Trading in federal funds futures now shows that markets are expecting the Fed’s main interest rate to hit 3.64 per cent in February 2023, from an estimate of 3.42 per cent in the previous session. The federal funds rate currently stands at a range of 2.25 to 2.50 per cent.

The strong jobs data, which also showed the unemployment rate ticking down, pushed back against concerns that the world’s biggest economy may be headed for a recession. It could also give the Fed impetus to continue with its rapid increases, after it pushed borrowing costs higher by 0.75 percentage points in both June and July.
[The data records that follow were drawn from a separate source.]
(* Let $p$ be a prime and let $R$ be a local nearring which is not a nearfield, whose additive group is $\langle a\rangle+\langle b\rangle\cong C_{p^2}\times C_p$ with $ap^2=0$, $bp=0$, $a+b=b+a$, where $a$ is the identity element of $R$. Then the subgroup $\langle ap\rangle$ is an ideal of $R$.
   Context: A (left) nearring is a set $R$ with operations $+,\cdot$ such that $(R,+)$ is a group, $(R,\cdot)$ a semigroup, and $x(y+z)=xy+xz$ for all $x,y,z$. A nearring with identity is local if its non-invertible elements form a subgroup of $(R,+)$; a nearfield is a nearring with identity in which every nonzero element is invertible. An ideal of $R$ is a normal subgroup $I$ of $(R,+)$ such that $xI\subseteq I$ for all $x\in R$ and $(z+x)y-xy\in I$ for all $x,y\in R$, $z\in I$. Additive notation: $ap$ is $a$ added $p$ times. *)

theory Defs
  imports "HOL-Algebra.Coset" "HOL-Computational_Algebra.Primes"
begin

definition addgrp :: "'a set \<Rightarrow> ('a \<Rightarrow> 'a \<Rightarrow> 'a) \<Rightarrow> 'a \<Rightarrow> 'a monoid" where
  "addgrp R add z = \<lparr>carrier = R, monoid.mult = add, monoid.one = z\<rparr>"

definition nearring :: "'a set \<Rightarrow> ('a \<Rightarrow> 'a \<Rightarrow> 'a) \<Rightarrow> ('a \<Rightarrow> 'a \<Rightarrow> 'a) \<Rightarrow> 'a \<Rightarrow> bool" where
  "nearring R add mul z \<longleftrightarrow>
     group (addgrp R add z) \<and>
     (\<forall>x\<in>R. \<forall>y\<in>R. mul x y \<in> R) \<and>
     (\<forall>x\<in>R. \<forall>y\<in>R. \<forall>w\<in>R. mul (mul x y) w = mul x (mul y w)) \<and>
     (\<forall>x\<in>R. \<forall>y\<in>R. \<forall>w\<in>R. mul x (add y w) = add (mul x y) (mul x w))"

definition is_identity :: "'a set \<Rightarrow> ('a \<Rightarrow> 'a \<Rightarrow> 'a) \<Rightarrow> 'a \<Rightarrow> bool" where
  "is_identity R mul e \<longleftrightarrow> e \<in> R \<and> (\<forall>x\<in>R. mul e x = x \<and> mul x e = x)"

definition nr_invertible :: "'a set \<Rightarrow> ('a \<Rightarrow> 'a \<Rightarrow> 'a) \<Rightarrow> 'a \<Rightarrow> 'a \<Rightarrow> bool" where
  "nr_invertible R mul e x \<longleftrightarrow> x \<in> R \<and> (\<exists>y\<in>R. mul x y = e \<and> mul y x = e)"

definition local_nearring :: "'a set \<Rightarrow> ('a \<Rightarrow> 'a \<Rightarrow> 'a) \<Rightarrow> ('a \<Rightarrow> 'a \<Rightarrow> 'a) \<Rightarrow> 'a \<Rightarrow> 'a \<Rightarrow> bool" where
  "local_nearring R add mul z e \<longleftrightarrow>
     nearring R add mul z \<and> is_identity R mul e \<and>
     subgroup {x \<in> R. \<not> nr_invertible R mul e x} (addgrp R add z)"

definition nearfield :: "'a set \<Rightarrow> ('a \<Rightarrow> 'a \<Rightarrow> 'a) \<Rightarrow> ('a \<Rightarrow> 'a \<Rightarrow> 'a) \<Rightarrow> 'a \<Rightarrow> 'a \<Rightarrow> bool" where
  "nearfield R add mul z e \<longleftrightarrow>
     nearring R add mul z \<and> is_identity R mul e \<and>
     (\<forall>x\<in>R. x \<noteq> z \<longrightarrow> nr_invertible R mul e x)"

definition nr_ideal :: "'a set \<Rightarrow> ('a \<Rightarrow> 'a \<Rightarrow> 'a) \<Rightarrow> ('a \<Rightarrow> 'a \<Rightarrow> 'a) \<Rightarrow> 'a \<Rightarrow> 'a set \<Rightarrow> bool" where
  "nr_ideal R add mul z I \<longleftrightarrow>
     normal I (addgrp R add z) \<and>
     (\<forall>x\<in>R. \<forall>i\<in>I. mul x i \<in> I) \<and>
     (\<forall>x\<in>R. \<forall>y\<in>R. \<forall>w\<in>I.
        add (mul (add w x) y) (inv\<^bsub>addgrp R add z\<^esub> (mul x y)) \<in> I)"

end

(*
  Left distributivity makes left multiplication by x an endomorphism of the
  abelian group G = <a> + <b>, so x(ia + jb) = ix + j(xb) and the multiplication
  is governed by x |-> xb. Since p(xb) = x(pb) = 0, xb is congruent to tau(x) b
  modulo I = <ap>, and associativity makes tau multiplicative modulo p. The only
  nontrivial ideal axiom, (w + x)y = xy modulo I for w in I, thus reduces to
  tau(w + s) = tau(s). If some x with px = 0 has tau(x) <> 0, then xw = 0 gives
  x(w + s) = xs and tau(x) cancels. Otherwise tau vanishes on the elements of
  order p, and for s of order p^2 we have w + s = s((1 + pc)a) for some c, where
  tau((1 + pc)a) = 1 because its p-th power is tau((1 + pc)^p a) = tau(a) = 1
  and t^p = t modulo p.
*)

theory Submission
  imports Defs "HOL-Number_Theory.Number_Theory"
begin

lemma cong_one_plus_mult_pow:
  fixes p c k :: nat
  shows "[(1 + p * c) ^ k = 1 + k * p * c] (mod p^2)"
proof (induction k)
  case 0
  then show ?case by simp
next
  case (Suc k)
  have "(1 + p * c) ^ Suc k = (1 + p * c) ^ k * (1 + p * c)"
    by simp
  also have "[\<dots> = (1 + k * p * c) * (1 + p * c)] (mod p^2)"
    by (rule cong_mult[OF Suc.IH cong_refl])
  also have "(1 + k * p * c) * (1 + p * c) = (1 + Suc k * p * c) + (k * c * c) * p^2"
    by (simp add: algebra_simps power2_eq_square)
  also have "[\<dots> = 1 + Suc k * p * c] (mod p^2)"
    by (simp add: cong_def)
  finally show ?case .
qed

lemma cong_pow_p_one_mod_p2:
  fixes p N :: nat
  assumes "[N = 1] (mod p)"
  shows "[N ^ p = 1] (mod p^2)"
proof (cases "p \<le> 1")
  case True
  then show ?thesis
    using assms by (auto simp: cong_def le_Suc_eq)
next
  case False
  then have "N = 1 + p * (N div p)"
    using assms by (metis cong_def div_mult_mod_eq mod_less add.commute mult.commute not_le)
  then have "[N ^ p = 1 + p * p * (N div p)] (mod p^2)"
    using cong_one_plus_mult_pow[of p "N div p" p] by (simp add: mult.assoc)
  also have "[1 + p * p * (N div p) = 1] (mod p^2)"
    unfolding cong_def power2_eq_square by (simp only: mod_mult_self2)
  finally show ?thesis .
qed

lemma cong_pow_prime_self:
  fixes p t :: nat
  assumes "prime p"
  shows "[t ^ p = t] (mod p)"
proof -
  have t_pow: "t ^ p = t * t ^ (p - 1)"
    using assms prime_gt_0_nat by (simp add: power_eq_if)
  show ?thesis
  proof (cases "p dvd t")
    case True
    then show ?thesis
      unfolding t_pow cong_def by simp
  next
    case False
    show ?thesis
      using cong_mult[OF cong_refl fermat_theorem[OF assms False], of t] t_pow by simp
  qed
qed

lemma (in group) nat_pow_mod_eq:
  assumes "x \<in> carrier G" "x [^] n = \<one>"
  shows "x [^] (m::nat) = x [^] (m mod n)"
proof -
  have "x [^] m = x [^] (n * (m div n) + m mod n)"
    by simp
  also have "\<dots> = (x [^] n) [^] (m div n) \<otimes> x [^] (m mod n)"
    using assms(1) by (simp add: nat_pow_mult nat_pow_pow)
  finally show ?thesis
    using assms by simp
qed

lemma (in group) comm_group_if_generated_by_commuting_pair:
  assumes a: "a \<in> carrier G" and b: "b \<in> carrier G" and ab: "a \<otimes> b = b \<otimes> a"
    and gen: "carrier G \<subseteq> {a [^] (i::nat) \<otimes> b [^] (j::nat) | i j. True}"
  shows "comm_group G"
proof (rule group_comm_groupI)
  have pow_comm: "b [^] j \<otimes> a [^] k = a [^] k \<otimes> b [^] j" for j k :: nat
    using group_commutes_pow[OF group_commutes_pow[OF ab a b, of k, symmetric], of j] a b
    by simp
  have prod: "(a [^] i \<otimes> b [^] j) \<otimes> (a [^] k \<otimes> b [^] l) = a [^] (i + k) \<otimes> b [^] (j + l)"
    for i j k l :: nat
  proof -
    have "(a [^] i \<otimes> b [^] j) \<otimes> (a [^] k \<otimes> b [^] l) = a [^] i \<otimes> ((b [^] j \<otimes> a [^] k) \<otimes> b [^] l)"
      using a b by (simp add: m_assoc)
    also have "\<dots> = (a [^] i \<otimes> a [^] k) \<otimes> (b [^] j \<otimes> b [^] l)"
      using a b by (simp add: pow_comm m_assoc)
    finally show ?thesis
      using a b by (simp add: nat_pow_mult)
  qed
  fix x y assume "x \<in> carrier G" "y \<in> carrier G"
  with gen obtain i j k l where "x = a [^] (i::nat) \<otimes> b [^] (j::nat)" "y = a [^] (k::nat) \<otimes> b [^] (l::nat)"
    by blast
  then show "x \<otimes> y = y \<otimes> x"
    by (simp add: prod add.commute)
qed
“The unexpected acceleration in non-farm payroll growth in July, together with the further decline in the unemployment rate and the renewed pick-up in wage pressure, make a mockery of claims that the economy is on the brink of recession,” said Michael Pearce, economist at Capital Economics, who added that “all the details [of the report] appear to support continued aggressive rate hikes from the Fed”.

The US dollar followed Treasury yields higher on Friday, with an index tracking the currency against half a dozen peers up almost 1 per cent. The pound and euro each dipped about 0.7 per cent, while the Japanese yen tumbled about 1.8 per cent.

In equities European stocks fell, with the regional Stoxx 600 closed down 0.8 per cent, after gains for Asian shares, with Hong Kong’s Hang Seng index up 0.1 per cent.